In the past, when I have written about the very real possibility that the US will default on our debt, complete with a collapse of our monetary system, and advocacy of gold, readers wrote in that if what I envision occurs, then I will not need gold, but guns and lead. Is this what I want? I will answer with a resounding "NO". But I am also pragmatic enough to understand that just because I want one thing or another, does not mean that I will have my wishes answered. This blog started as a vehicle to explore what was going on in the world outside of bonds, and to better understand those factors influencing the bond market. Since then, the blog has since morphed into a means for me to use my knowledge of the financial world to determine what will happen in the future. The answers are in front of us, as they always are. It is our job to connect the dots together to ascertain how things will play itself out in the future. To that end, I do not see a happy ending, as the past two years of my writings will attest to.

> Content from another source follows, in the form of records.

(* If $G$ is a forest without isolated vertices, then $str(G)=|V(G)|+1$.
   Context: For a graph $G$ of order $p$, a numbering of $G$ is a bijection $f:V(G)\to[1,p]$. The strength of a numbering $f$ is $str_f(G)=\max\{f(u)+f(v): uv\in E(G)\}$, and the strength of a graph $G$ with at least one edge is $str(G)=\min\{str_f(G): f \text{ a numbering of } G\}$. *)

theory Defs
  imports Main
begin

definition simple_graph :: "'a set \<Rightarrow> 'a set set \<Rightarrow> bool" where
  "simple_graph V E \<longleftrightarrow> finite V \<and> (\<forall>e\<in>E. e \<subseteq> V \<and> card e = 2)"

definition is_cycle :: "'a set \<Rightarrow> 'a set set \<Rightarrow> 'a list \<Rightarrow> bool" where
  "is_cycle V E cs \<longleftrightarrow> length cs \<ge> 3 \<and> distinct cs \<and> set cs \<subseteq> V \<and>
     (\<forall>i < length cs. {cs ! i, cs ! ((i + 1) mod length cs)} \<in> E)"

definition forest :: "'a set \<Rightarrow> 'a set set \<Rightarrow> bool" where
  "forest V E \<longleftrightarrow> simple_graph V E \<and> \<not> (\<exists>cs. is_cycle V E cs)"

definition isolated_vertex :: "'a set \<Rightarrow> 'a set set \<Rightarrow> 'a \<Rightarrow> bool" where
  "isolated_vertex V E v \<longleftrightarrow> v \<in> V \<and> (\<forall>e\<in>E. v \<notin> e)"

definition numbering :: "'a set \<Rightarrow> ('a \<Rightarrow> nat) \<Rightarrow> bool" where
  "numbering V f \<longleftrightarrow> bij_betw f V {1..card V}"

definition strength_of :: "'a set set \<Rightarrow> ('a \<Rightarrow> nat) \<Rightarrow> nat" where
  "strength_of E f = Max {f u + f v | u v. {u, v} \<in> E}"

definition strength :: "'a set \<Rightarrow> 'a set set \<Rightarrow> nat" where
  "strength V E = Min {strength_of E f | f. numbering V f}"

end

theory Submission imports Defs begin

text \<open>The lower bound: the vertex numbered p is not isolated, so some edge has sum at least p + 1.
  The upper bound: every forest has a vertex v of degree at most one. If v is isolated, give it
  the label p and number the rest inductively; if v is a leaf with neighbour u, give v the label p
  and u the label 1 and number the remaining vertices inductively with labels 2 .. p - 1. Every
  edge sum is then at most p + 1. A vertex of degree at most one is the first vertex of a longest
  path: all its neighbours lie on the path, and a neighbour other than the second vertex would
  close a cycle.\<close>

definition is_path :: "'a set \<Rightarrow> 'a set set \<Rightarrow> 'a list \<Rightarrow> bool" where
  "is_path V E xs \<longleftrightarrow> xs \<noteq> [] \<and> distinct xs \<and> set xs \<subseteq> V \<and>
     (\<forall>i. Suc i < length xs \<longrightarrow> {xs ! i, xs ! Suc i} \<in> E)"

lemma simple_graph_edge_neq:
  assumes "simple_graph V E" "{a, b} \<in> E"
  shows "a \<noteq> b"
  using assms unfolding simple_graph_def by fastforce

lemma simple_graph_edgeE:
  assumes "simple_graph V E" "e \<in> E" "x \<in> e"
  obtains y where "y \<noteq> x" "y \<in> V" "e = {x, y}"
proof -
  have "card e = 2" "e \<subseteq> V" using assms unfolding simple_graph_def by auto
  then obtain a b where "a \<noteq> b" "e = {a, b}" by (meson card_2_iff)
  then show ?thesis using that assms(3) \<open>e \<subseteq> V\<close> by (fastforce simp: insert_commute)
qed

lemma simple_graph_edge_sums_finite:
  assumes "simple_graph V E"
  shows "finite {f u + f v | u v. {u, v} \<in> E}"
proof -
  have "{f u + f v | u v. {u, v} \<in> E} \<subseteq> (\<lambda>(u, v). f u + f v) ` (V \<times> V)"
    using assms unfolding simple_graph_def by force
  moreover have "finite V" using assms unfolding simple_graph_def by simp
  ultimately show ?thesis by (meson finite_SigmaI finite_imageI finite_subset)
qed

lemma forest_subgraph:
  assumes "forest V E" "V' \<subseteq> V" "E' \<subseteq> E" "\<forall>e\<in>E'. e \<subseteq> V'"
  shows "forest V' E'"
proof -
  have "finite V'" using assms(1,2) finite_subset unfolding forest_def simple_graph_def by blast
  moreover have "\<forall>e\<in>E'. e \<subseteq> V' \<and> card e = 2"
    using assms unfolding forest_def simple_graph_def by blast
  moreover have "\<not> (\<exists>cs. is_cycle V' E' cs)"
    using assms unfolding forest_def is_cycle_def by blast
  ultimately show ?thesis unfolding forest_def simple_graph_def by blast
qed
(* Let $\epsilon\in(0,1]$, $\delta\in(0,1)$, $0<\gamma\le\epsilon/14$, and $b=4/\gamma$. Then for every belief matrix $P\in[0,1]^{n\times m}$ and ground truth $\vec\theta\in[0,1]^m$ with $m\ge\frac{28\ln(2n/\delta)}{\epsilon\gamma}$, and every report matrix $R$ in which each $r_i$ is undominated for belief $p_i$, ReportNoisyMax with scale $b$ selects an $\epsilon$-optimal forecaster with probability at least $1-\delta$ (over $\vec y\sim\vec\theta$ and the noise). In particular its event complexity is $O(\ln(n/\delta)/\epsilon^2)$.
   Context: Setting: $n$ forecasters, $m$ independent binary events with $\Pr[y_t=1]=\theta_t$; forecaster $i$ has beliefs $p_i\in[0,1]^m$ and reports $r_i\in[0,1]^m$. Quadratic score $S(q,y)=1-(y-q)^2$. Accuracy $a_i=1-\frac1m\sum_t(p_{it}-\theta_t)^2$; $i$ is $\epsilon$-optimal if $a_i\ge\max_ja_j-\epsilon$. ReportNoisyMax with scale $b$: compute $q_j=\sum_tS(r_{jt},y_t)$, add independent Laplace noise with density $\frac1{2b}e^{-|w|/b}$ to each, and select the forecaster with the largest noisy total. $M(R;p_i)=\mathbb{E}_{\vec y\sim p_i}M(R,\vec y)$ with $y_t\sim\mathrm{Bernoulli}(p_{it})$ independently; for fixed $p_i$, $\hat r_i$ strictly dominates $r_i$ if $M(\hat r_i,R_{-i};p_i)_i>M(r_i,R_{-i};p_i)_i$ for all $R_{-i}$, and $r_i$ is undominated if nothing strictly dominates it. *)

theory Defs
  imports "HOL-Probability.Probability"
begin

text \<open>Forecasters are indexed by i < n, events by t < m.
  Beliefs/reports: nat \<Rightarrow> nat \<Rightarrow> real (forecaster, event); outcomes y : nat \<Rightarrow> bool.\<close>

definition quad_score :: "real \<Rightarrow> bool \<Rightarrow> real" where
  "quad_score q y = 1 - (of_bool y - q)^2"

definition total_score :: "nat \<Rightarrow> (nat \<Rightarrow> real) \<Rightarrow> (nat \<Rightarrow> bool) \<Rightarrow> real" where
  "total_score m r y = (\<Sum>t<m. quad_score (r t) (y t))"

definition laplace_density :: "real \<Rightarrow> real \<Rightarrow> real" where
  "laplace_density b w = exp (- \<bar>w\<bar> / b) / (2 * b)"

definition laplace_measure :: "real \<Rightarrow> real measure" where
  "laplace_measure b = density lborel (\<lambda>w. ennreal (laplace_density b w))"
(* Let $R,Q,S$ be rod sets. The following are equivalent: (1) $R\xrightarrow{Q}S$; (2) $D(n,R,S)=C(n,Q)$ for all $n>0$; (3) $\langle\mathrm{Trains}(R)\rangle\equiv\langle\mathrm{Trains}(S)\rangle\cup Q\cup\langle\mathrm{Trains}(S)\rangle Q$; (4) for all $n>0$, $F(n,R)=F(n,S)+\sum_{q\in Q}(\operatorname{sign}q)F(n-\operatorname{len}q,S)$.
   Context: A rod is a triple $(r,c,\varepsilon)$ with $r$ a positive integer (length), $c$ a tag (color), $\varepsilon\in\{\pm1\}$ (sign); antirods have sign $-1$. A rod set is a set of rods with finitely many of each length. A train built from $R$ is a finite sequence of rods of $R$ (including the empty train), with length the sum of lengths and sign the product of signs; $\mathrm{Trains}(R)$ is the set of such trains, and $\langle\mathrm{Trains}(R)\rangle$ is the rod set with one rod, of the same length and sign, for each nonempty train. $F(n,R)$ is the number of positive trains of length $n$ minus the number of negative ones, with $F(0,R)=1$, $F(n,R)=0$ for $n<0$. $C(n,R)$ = (number of positive rods of length $n$) $-$ (number of antirods of length $n$); $R\equiv S$ means $C(n,R)=C(n,S)$ for all $n>0$. Unions are disjoint unions; $\overline{Q}$ reverses all signs; $QR$ has one rod per pair $(q,r)\in Q\times R$, of length $\operatorname{len}q+\operatorname{len}r$ and sign $\operatorname{sign}q\operatorname{sign}r$. $R\xrightarrow{Q}S$ means $S\equiv R\cup\overline{Q}\cup QR$. The discrepancy is $D(n,R,S)=F(n,R)-\sum_{k\in S}(\operatorname{sign}k)F(n-\operatorname{len}k,R)$. *)

theory Defs
  imports Main
begin

type_synonym 'c rod = "nat \<times> 'c \<times> int"

definition rlen :: "'c rod \<Rightarrow> nat" where "rlen k = fst k"
definition rcol :: "'c rod \<Rightarrow> 'c" where "rcol k = fst (snd k)"
definition rsign :: "'c rod \<Rightarrow> int" where "rsign k = snd (snd k)"

definition is_rodset :: "'c rod set \<Rightarrow> bool" where
  "is_rodset R \<longleftrightarrow> (\<forall>k\<in>R. rlen k > 0 \<and> (rsign k = 1 \<or> rsign k = -1))
                  \<and> (\<forall>n. finite {k\<in>R. rlen k = n})"

definition Trains :: "'c rod set \<Rightarrow> 'c rod list set" where
  "Trains R = lists R"

definition tlen :: "'c rod list \<Rightarrow> nat" where "tlen t = sum_list (map rlen t)"
definition tsign :: "'c rod list \<Rightarrow> int" where "tsign t = prod_list (map rsign t)"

So, what does a bearish person like me wish for? I wish I am wrong. In the meantime, I am acting as if I will be right. And if I am wrong and the gold, yen and cash portfolio which I am advocating puts in a negative return, then let me suggest that the world will be a better place, and there will be plenty of good employment opportunities for me to pursue. In other words, the cost for being defensive is only the opportunity cost of being wrong, while if my scenarios are right, then my defensive actions will be the difference between being wiped out and doing OK. To my friend who is happy when the market drops, my advice is to hope we are all wrong. When some of your friends lose their savings and cannot afford to stay in their homes, the reality of being right will not feel so good. It is with this sort of trepidation with which I approach the future.
* A stimulus plan I can endorse: Late last week, before leaving for his holiday, Obama announced a multi-billion plan to put high speed internet in rural locations throughout the US. Not only will this plan employ thousands of construction personnel, it will also bring high speed internet and all those benefits to thousands of schools, and many people. This is the type of things the Obama administration should be advocating. Obama's stimulus plan was announced 16 months ago, and it has taken him this long to put implement this plan. Maybe these sorts of plans take this long to sort out; I will give him the benefit of the doubt. I sure hope he has many more such plans in the wings, because the failing economy will need as many of these types of plans as it can get.
* Trading points:
* Gold - late last week, Gold broke down, and has since taken out some decent support levels in the 1220 area. For a while there, I thought gold was gearing up to bust out above 1265. Given my continued bearish thoughts on stocks, I think there is a decent chance that gold could get dragged lower with a failing equity market. For the time being, I will hold the gold I have, and recommend new participants to wait to see how things shake out. Good support is in the upper 1000s, about $100 lower.
* Stocks - This weekend gave me a chance to catch up on the market letters I receive at the beginning of each month, including some technical market analysis. What is notable, is how over-sold most technicians think the market is, but observe that despite this apparently bullish phenomenon, stocks cannot seem to get off the mat. To them, this is an ominous sign. In fact, it looks as if today's rally is failing, and if we close lower today, that will add fuel to the fire.
For my two cents, I have noted that the rocket scientists out there were focusing on 1025 to 1050 to buy stocks. What will these folks do when stocks take out this support, and proceed lower, below 1000? It's gonna be the mother of all buzz-kills. I am still looking for at least a 13% drop in 8 trading hours. This is not something to be happy about, but I think its coming.